Elvira looked baffled. “A couch? I didn’t order a couch.”
“Are you sure? The name says ‘Elvira Henderson.’ Says it was ordered by your cousin Martha.”
The crowd of guests looked at each other, intrigued by this new twist.
“Wait,” Dave said slowly, “isn’t Martha the one who…?”
Elvira looked mortified. “She did say she had a surprise for me, but…”
The movers shuffled past them, hauling in an enormous, grotesquely pink couch that looked like it had been designed by someone who hated both comfort and the color pink.
“This is the ugliest couch I’ve ever seen,” muttered Jenny.
Just then, Gus gasped, pointing at the couch. “Look—on the armrest!”
There, etched into the hideous upholstery, was the word “RANDOLPH.”
Elvira’s eyes widened. “It’s a sign! Randolph has manifested himself… in the furniture!”

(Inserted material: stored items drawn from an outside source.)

lemma orth_proj_matrix_mulv_eq_0_iff:
  assumes "orth_proj_matrix P S"
  shows "P *v v = 0 \<longleftrightarrow> (\<forall>s\<in>S. v \<bullet> s = 0)"
proof
  assume "\<forall>s\<in>S. v \<bullet> s = 0"
  moreover have "P *v v \<in> S" "(v - P *v v) \<bullet> (P *v v) = 0"
    using assms unfolding orth_proj_matrix_def by auto
  ultimately have "(P *v v) \<bullet> (P *v v) = 0" by (simp add: inner_diff_left)
  then show "P *v v = 0" by simp
qed (use assms in \<open>metis orth_proj_matrix_def diff_zero\<close>)

lemma in_span_if_orthogonal_to_annihilator:
  fixes g :: "'a::euclidean_space"
  assumes "\<And>v. \<forall>r\<in>R. r \<bullet> v = 0 \<Longrightarrow> g \<bullet> v = 0"
  shows "g \<in> span R"
proof -
  have "g \<in> (span R)\<^sup>\<bottom>\<^sup>\<bottom>"
    unfolding orthogonal_comp_def orthogonal_def
    using assms by (auto simp: inner_commute span_base)
  then show ?thesis by (simp add: orthogonal_comp_self)
qed

lemma span_UN_sum_decomposition:
  fixes S :: "'i \<Rightarrow> 'v::real_vector set"
  assumes "finite I" "x \<in> span (\<Union>i\<in>I. S i)"
  shows "\<exists>u. (\<forall>i\<in>I. u i \<in> span (S i)) \<and> x = (\<Sum>i\<in>I. u i)"
  using assms
proof (induction I arbitrary: x rule: finite_induct)
  case (insert a I)
  then obtain p q where pq: "x = p + q" "p \<in> span (S a)" "q \<in> span (\<Union>i\<in>I. S i)"
    by (auto simp: span_Un)
  from insert.IH[OF pq(3)] obtain u where u: "\<forall>i\<in>I. u i \<in> span (S i)" "q = (\<Sum>i\<in>I. u i)"
    by blast
  have "(\<Sum>i\<in>I. (u(a := p)) i) = (\<Sum>i\<in>I. u i)"
    using insert.hyps(2) by (intro sum.cong) auto
  then show ?case
    using insert.hyps pq u by (intro exI[of _ "u(a := p)"]) auto
qed simp
lemma (in substochastic_kernel) kernel_pow_substochastic:
  "substochastic_kernel S (kernel_pow S Q n)"
  by (induction n)
     (auto intro: substochastic_kernel_comp substochastic_kernel_id substochastic_kernel_axioms)

lemma kernel_pow_Suc_right:
  assumes Q: "substochastic_kernel S Q" and "u \<in> S" and "v \<in> S"
  shows "kernel_pow S Q (Suc n) u v = kernel_comp S (kernel_pow S Q n) Q u v"
  using assms(2,3)
proof (induction n arbitrary: u)
  case 0
  then show ?case by (simp add: kernel_comp_id_left kernel_comp_id_right)
next
  case (Suc n)
  have "kernel_pow S Q (Suc (Suc n)) u v = kernel_comp S Q (kernel_comp S (kernel_pow S Q n) Q) u v"
    unfolding kernel_pow.simps(2)[of S Q "Suc n"] kernel_comp_def[of S Q]
    by (rule infsum_cong) (simp add: Suc.IH Suc.prems(2) del: kernel_pow.simps)
  also have "\<dots> = kernel_comp S (kernel_pow S Q (Suc n)) Q u v"
    using kernel_comp_assoc[OF Q substochastic_kernel.kernel_pow_substochastic[OF Q] Q Suc.prems]
    by simp
  finally show ?case .
qed

(* T is the part of the state space on which detailed balance holds; states outside T
   (the cemetery) cannot jump back into T. *)
locale reversible_kernel = substochastic_kernel +
  fixes T :: "'a set" and \<pi> :: "'a \<Rightarrow> real"
  assumes subset: "T \<subseteq> S"
    and weight_pos: "u \<in> T \<Longrightarrow> 0 < \<pi> u"
    and detailed_balance: "u \<in> T \<Longrightarrow> v \<in> T \<Longrightarrow> \<pi> u * Q u v = \<pi> v * Q v u"
    and no_entry: "z \<in> S - T \<Longrightarrow> u \<in> T \<Longrightarrow> Q z u = 0"
begin

abbreviation p :: "nat \<Rightarrow> 'a kernel" where
  "p n \<equiv> kernel_pow S Q n"

lemma kernel_pow_no_entry: "z \<in> S - T \<Longrightarrow> v \<in> T \<Longrightarrow> p n z v = 0"
proof (induction n arbitrary: z)
  case 0
  then show ?case by auto
next
  case (Suc n)
  then have "Q z w * p n w v = 0" if "w \<in> S" for w
    using no_entry[of z w] that by (cases "w \<in> T") auto
  then show ?case by (simp add: kernel_comp_def infsum_0)
qed

lemma kernel_pow_detailed_balance:
  "u \<in> T \<Longrightarrow> v \<in> T \<Longrightarrow> \<pi> u * p n u v = \<pi> v * p n v u"
proof (induction n arbitrary: u v)
  case 0
  then show ?case by auto
next
  case (Suc n)
  have summand: "\<pi> u * (Q u z * p n z v) = \<pi> v * (p n v z * Q z u)" if z: "z \<in> S" for z
  proof (cases "z \<in> T")
    case True
    have "\<pi> u * (Q u z * p n z v) = Q z u * (\<pi> z * p n z v)"
      using detailed_balance[OF Suc.prems(1) True] by (simp add: algebra_simps)
    also have "\<dots> = \<pi> v * (p n v z * Q z u)"
      using Suc.IH[OF True Suc.prems(2)] by (simp add: algebra_simps)
    finally show ?thesis .
  next
    case False
    then show ?thesis using kernel_pow_no_entry no_entry Suc.prems z by auto
  qed
  have "\<pi> u * p (Suc n) u v = (\<Sum>\<^sub>\<infinity>z\<in>S. \<pi> u * (Q u z * p n z v))"
    by (simp add: kernel_comp_def infsum_cmult_right')
  also have "\<dots> = (\<Sum>\<^sub>\<infinity>z\<in>S. \<pi> v * (p n v z * Q z u))"
    using summand by (rule infsum_cong)
  also have "\<dots> = \<pi> v * kernel_comp S (p n) Q v u"
    by (simp add: kernel_comp_def infsum_cmult_right')
  also have "\<dots> = \<pi> v * p (Suc n) v u"
    using kernel_pow_Suc_right[OF substochastic_kernel_axioms] Suc.prems subset by (metis subsetD)
  finally show ?case .
qed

The room erupted in screams, as guests ran around, throwing crystals and chanting. Gus threw his wrench in the air, while Dave fainted dramatically onto the ghastly pink couch. The only one not panicked was Elvira, who stood with her arms outstretched, basking in what she considered an indisputable victory.
Suddenly, Martha burst through the front door, holding a cake. “Surprise! I thought I’d spruce up the place with a couch and some dessert!”
She stopped dead, taking in the chaos of the room—the plumber, the movers, guests chanting around the garbage disposal, and Dave passed out on the couch with “RANDOLPH” written on his forehead in what appeared to be permanent marker.
Martha sighed, handing Elvira the cake. “You said this retreat was a health spa, Elvira. Why is everyone losing their minds?”
Elvira grinned, gesturing to the wreckage. “Exactly as planned!